** Opening TASK INPUTS block **
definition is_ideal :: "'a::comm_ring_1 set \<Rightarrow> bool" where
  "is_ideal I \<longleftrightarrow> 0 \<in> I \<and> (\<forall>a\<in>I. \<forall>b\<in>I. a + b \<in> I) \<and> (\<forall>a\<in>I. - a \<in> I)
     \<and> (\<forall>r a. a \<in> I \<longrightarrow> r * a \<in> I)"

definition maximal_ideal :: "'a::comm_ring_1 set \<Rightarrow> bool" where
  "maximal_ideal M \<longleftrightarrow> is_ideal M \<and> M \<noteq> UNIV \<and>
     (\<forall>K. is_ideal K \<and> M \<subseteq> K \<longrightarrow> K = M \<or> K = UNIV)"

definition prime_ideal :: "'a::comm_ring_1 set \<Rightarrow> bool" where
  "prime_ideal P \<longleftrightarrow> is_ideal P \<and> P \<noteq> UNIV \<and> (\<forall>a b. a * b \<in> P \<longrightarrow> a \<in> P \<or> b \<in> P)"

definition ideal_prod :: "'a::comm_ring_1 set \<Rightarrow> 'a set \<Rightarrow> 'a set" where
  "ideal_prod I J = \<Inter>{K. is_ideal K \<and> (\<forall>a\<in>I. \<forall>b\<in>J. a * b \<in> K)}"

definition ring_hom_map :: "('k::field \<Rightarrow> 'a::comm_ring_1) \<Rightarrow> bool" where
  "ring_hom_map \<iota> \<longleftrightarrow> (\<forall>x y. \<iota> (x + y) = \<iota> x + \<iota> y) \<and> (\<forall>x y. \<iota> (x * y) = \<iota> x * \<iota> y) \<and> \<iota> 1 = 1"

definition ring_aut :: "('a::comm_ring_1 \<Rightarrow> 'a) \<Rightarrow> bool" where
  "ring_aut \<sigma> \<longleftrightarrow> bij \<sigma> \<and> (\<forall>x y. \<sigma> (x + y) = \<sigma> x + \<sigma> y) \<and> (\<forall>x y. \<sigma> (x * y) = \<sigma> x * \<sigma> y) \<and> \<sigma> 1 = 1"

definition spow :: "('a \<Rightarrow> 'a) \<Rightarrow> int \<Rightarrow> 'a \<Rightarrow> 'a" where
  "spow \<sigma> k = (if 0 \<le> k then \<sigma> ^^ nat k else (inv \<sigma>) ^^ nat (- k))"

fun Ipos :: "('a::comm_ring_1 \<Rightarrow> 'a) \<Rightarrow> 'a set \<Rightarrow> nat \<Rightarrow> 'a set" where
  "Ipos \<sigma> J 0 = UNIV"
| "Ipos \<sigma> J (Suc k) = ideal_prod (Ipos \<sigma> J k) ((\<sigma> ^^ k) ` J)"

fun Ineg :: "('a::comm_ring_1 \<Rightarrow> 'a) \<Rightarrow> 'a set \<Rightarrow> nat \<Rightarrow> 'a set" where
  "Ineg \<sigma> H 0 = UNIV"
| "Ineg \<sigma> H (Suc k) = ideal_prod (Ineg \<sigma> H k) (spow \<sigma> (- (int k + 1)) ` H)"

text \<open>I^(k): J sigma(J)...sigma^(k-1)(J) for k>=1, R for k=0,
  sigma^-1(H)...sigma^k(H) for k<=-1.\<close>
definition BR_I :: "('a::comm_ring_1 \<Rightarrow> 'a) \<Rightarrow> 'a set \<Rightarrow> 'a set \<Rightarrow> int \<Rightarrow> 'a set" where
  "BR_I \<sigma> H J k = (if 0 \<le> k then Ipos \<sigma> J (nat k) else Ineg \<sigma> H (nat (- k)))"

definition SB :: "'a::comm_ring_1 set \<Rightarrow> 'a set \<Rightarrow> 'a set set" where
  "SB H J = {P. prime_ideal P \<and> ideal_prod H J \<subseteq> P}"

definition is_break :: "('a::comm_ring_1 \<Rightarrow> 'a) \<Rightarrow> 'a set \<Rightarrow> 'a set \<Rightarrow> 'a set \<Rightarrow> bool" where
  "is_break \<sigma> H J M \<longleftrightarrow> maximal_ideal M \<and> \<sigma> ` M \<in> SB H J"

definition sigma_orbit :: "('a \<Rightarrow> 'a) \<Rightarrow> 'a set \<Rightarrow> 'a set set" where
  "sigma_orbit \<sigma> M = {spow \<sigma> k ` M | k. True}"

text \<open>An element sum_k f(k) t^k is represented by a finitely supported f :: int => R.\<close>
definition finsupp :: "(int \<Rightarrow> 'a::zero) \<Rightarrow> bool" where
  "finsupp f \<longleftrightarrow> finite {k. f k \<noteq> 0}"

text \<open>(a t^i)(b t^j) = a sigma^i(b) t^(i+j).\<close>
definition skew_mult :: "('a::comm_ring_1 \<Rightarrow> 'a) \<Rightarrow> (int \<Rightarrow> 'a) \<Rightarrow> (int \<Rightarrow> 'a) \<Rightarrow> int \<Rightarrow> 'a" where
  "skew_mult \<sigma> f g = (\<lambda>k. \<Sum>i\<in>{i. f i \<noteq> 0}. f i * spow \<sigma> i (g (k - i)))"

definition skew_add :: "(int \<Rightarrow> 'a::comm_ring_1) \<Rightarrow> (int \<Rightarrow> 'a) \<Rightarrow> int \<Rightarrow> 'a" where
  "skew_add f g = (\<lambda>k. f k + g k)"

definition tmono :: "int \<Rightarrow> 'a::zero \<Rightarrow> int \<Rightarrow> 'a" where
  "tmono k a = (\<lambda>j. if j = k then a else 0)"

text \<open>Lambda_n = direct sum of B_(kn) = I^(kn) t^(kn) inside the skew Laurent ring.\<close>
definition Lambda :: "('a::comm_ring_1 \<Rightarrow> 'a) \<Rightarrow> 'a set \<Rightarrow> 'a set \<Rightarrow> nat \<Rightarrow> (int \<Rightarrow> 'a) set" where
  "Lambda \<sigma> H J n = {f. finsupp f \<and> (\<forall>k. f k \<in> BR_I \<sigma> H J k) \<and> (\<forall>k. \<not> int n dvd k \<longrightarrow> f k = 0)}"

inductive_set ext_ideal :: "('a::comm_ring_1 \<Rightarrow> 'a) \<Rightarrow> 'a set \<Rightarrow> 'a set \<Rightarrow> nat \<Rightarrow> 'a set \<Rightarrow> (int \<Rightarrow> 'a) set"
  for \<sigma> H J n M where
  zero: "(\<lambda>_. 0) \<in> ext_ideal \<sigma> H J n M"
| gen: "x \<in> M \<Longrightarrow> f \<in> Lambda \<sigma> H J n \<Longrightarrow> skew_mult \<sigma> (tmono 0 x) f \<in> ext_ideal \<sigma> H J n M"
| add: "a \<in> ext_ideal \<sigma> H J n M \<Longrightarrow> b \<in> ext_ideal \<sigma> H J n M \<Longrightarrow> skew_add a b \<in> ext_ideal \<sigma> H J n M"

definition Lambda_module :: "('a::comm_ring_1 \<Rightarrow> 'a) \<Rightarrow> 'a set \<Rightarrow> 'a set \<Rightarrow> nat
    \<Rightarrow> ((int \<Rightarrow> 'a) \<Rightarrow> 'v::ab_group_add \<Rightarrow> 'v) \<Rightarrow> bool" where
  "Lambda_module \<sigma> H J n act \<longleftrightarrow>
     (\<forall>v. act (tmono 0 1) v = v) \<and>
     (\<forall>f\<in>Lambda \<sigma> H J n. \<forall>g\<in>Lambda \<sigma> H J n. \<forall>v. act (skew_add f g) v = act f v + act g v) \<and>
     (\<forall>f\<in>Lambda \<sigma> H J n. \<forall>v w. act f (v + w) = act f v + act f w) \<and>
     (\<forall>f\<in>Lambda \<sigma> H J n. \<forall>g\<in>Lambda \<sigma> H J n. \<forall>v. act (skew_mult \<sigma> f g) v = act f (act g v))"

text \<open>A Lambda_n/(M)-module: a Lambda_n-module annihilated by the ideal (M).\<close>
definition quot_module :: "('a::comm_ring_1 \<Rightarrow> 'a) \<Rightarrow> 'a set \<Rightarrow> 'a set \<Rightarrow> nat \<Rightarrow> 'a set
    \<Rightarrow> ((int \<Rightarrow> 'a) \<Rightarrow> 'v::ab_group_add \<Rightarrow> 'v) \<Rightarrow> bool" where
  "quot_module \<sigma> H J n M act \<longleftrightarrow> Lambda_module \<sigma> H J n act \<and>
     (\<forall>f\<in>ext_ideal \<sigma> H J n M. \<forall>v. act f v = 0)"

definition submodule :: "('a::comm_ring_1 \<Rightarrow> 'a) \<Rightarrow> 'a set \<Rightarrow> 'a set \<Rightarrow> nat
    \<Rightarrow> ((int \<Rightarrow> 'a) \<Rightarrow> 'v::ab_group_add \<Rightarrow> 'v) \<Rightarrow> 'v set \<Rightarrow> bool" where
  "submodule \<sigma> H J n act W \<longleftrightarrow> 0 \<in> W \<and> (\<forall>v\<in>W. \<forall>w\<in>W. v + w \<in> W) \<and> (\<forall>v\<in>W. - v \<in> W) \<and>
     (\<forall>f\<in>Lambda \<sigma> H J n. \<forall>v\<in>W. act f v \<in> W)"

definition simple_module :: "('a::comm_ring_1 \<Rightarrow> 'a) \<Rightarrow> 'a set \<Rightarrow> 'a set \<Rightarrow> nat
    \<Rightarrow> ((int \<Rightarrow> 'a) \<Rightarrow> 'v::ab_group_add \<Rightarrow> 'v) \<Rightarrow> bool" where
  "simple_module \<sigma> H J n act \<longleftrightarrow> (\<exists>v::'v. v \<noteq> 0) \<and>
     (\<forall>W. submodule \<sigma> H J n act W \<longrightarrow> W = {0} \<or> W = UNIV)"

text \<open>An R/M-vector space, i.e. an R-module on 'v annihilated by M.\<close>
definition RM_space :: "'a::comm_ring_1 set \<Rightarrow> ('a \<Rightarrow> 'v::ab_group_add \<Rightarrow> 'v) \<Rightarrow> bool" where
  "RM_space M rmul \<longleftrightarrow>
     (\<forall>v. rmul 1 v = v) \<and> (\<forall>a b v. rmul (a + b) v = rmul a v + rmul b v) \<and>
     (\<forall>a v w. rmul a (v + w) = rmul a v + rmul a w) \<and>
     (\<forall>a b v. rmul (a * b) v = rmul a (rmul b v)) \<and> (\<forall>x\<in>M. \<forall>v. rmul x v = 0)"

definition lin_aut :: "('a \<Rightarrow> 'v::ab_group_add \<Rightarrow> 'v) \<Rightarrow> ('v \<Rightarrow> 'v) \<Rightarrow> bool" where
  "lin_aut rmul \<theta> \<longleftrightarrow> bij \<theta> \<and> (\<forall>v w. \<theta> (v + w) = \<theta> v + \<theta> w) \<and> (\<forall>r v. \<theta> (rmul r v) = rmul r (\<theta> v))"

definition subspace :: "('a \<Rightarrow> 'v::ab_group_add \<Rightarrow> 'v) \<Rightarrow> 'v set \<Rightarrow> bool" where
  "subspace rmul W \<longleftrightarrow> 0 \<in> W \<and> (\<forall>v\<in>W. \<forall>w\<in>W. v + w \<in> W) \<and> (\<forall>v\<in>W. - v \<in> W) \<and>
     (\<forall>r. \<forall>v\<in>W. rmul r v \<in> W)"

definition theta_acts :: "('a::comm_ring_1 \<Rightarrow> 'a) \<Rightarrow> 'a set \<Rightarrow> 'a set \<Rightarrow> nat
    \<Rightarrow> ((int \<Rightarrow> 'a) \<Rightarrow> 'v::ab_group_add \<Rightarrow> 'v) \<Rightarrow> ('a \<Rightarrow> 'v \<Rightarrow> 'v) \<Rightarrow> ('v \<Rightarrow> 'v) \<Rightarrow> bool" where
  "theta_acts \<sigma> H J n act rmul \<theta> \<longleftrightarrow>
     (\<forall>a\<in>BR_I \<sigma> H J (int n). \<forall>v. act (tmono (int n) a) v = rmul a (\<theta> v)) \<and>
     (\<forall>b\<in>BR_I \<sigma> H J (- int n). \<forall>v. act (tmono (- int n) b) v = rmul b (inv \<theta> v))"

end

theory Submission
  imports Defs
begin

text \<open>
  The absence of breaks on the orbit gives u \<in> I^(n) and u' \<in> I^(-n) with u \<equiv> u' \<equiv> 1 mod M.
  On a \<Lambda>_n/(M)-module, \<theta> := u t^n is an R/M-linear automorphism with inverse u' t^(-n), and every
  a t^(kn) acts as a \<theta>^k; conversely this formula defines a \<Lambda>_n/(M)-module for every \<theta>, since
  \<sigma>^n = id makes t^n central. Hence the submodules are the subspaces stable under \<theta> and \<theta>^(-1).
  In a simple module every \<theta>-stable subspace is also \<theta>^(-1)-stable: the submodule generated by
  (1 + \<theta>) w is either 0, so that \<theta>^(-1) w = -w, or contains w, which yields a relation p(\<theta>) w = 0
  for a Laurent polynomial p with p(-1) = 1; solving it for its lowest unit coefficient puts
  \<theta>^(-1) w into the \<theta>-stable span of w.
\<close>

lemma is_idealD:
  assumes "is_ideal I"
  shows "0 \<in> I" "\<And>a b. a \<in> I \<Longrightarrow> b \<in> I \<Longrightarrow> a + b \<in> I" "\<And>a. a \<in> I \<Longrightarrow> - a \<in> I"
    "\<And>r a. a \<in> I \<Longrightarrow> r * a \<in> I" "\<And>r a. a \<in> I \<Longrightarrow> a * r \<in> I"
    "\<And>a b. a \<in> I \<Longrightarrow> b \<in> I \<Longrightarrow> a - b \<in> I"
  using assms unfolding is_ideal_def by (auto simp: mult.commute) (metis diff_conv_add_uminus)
** Closing TASK INPUTS block **
_TASK PROMPT_
From the entries above, restate word for word the lines from the line containing "0) \<in> ext_ideal" to the line containing "(\<forall>v. act (tmono", both ends included, and nothing more.

_OUTPUT FOR THIS EXERCISE_
  zero: "(\<lambda>_. 0) \<in> ext_ideal \<sigma> H J n M"
| gen: "x \<in> M \<Longrightarrow> f \<in> Lambda \<sigma> H J n \<Longrightarrow> skew_mult \<sigma> (tmono 0 x) f \<in> ext_ideal \<sigma> H J n M"
| add: "a \<in> ext_ideal \<sigma> H J n M \<Longrightarrow> b \<in> ext_ideal \<sigma> H J n M \<Longrightarrow> skew_add a b \<in> ext_ideal \<sigma> H J n M"

definition Lambda_module :: "('a::comm_ring_1 \<Rightarrow> 'a) \<Rightarrow> 'a set \<Rightarrow> 'a set \<Rightarrow> nat
    \<Rightarrow> ((int \<Rightarrow> 'a) \<Rightarrow> 'v::ab_group_add \<Rightarrow> 'v) \<Rightarrow> bool" where
  "Lambda_module \<sigma> H J n act \<longleftrightarrow>
     (\<forall>v. act (tmono 0 1) v = v) \<and>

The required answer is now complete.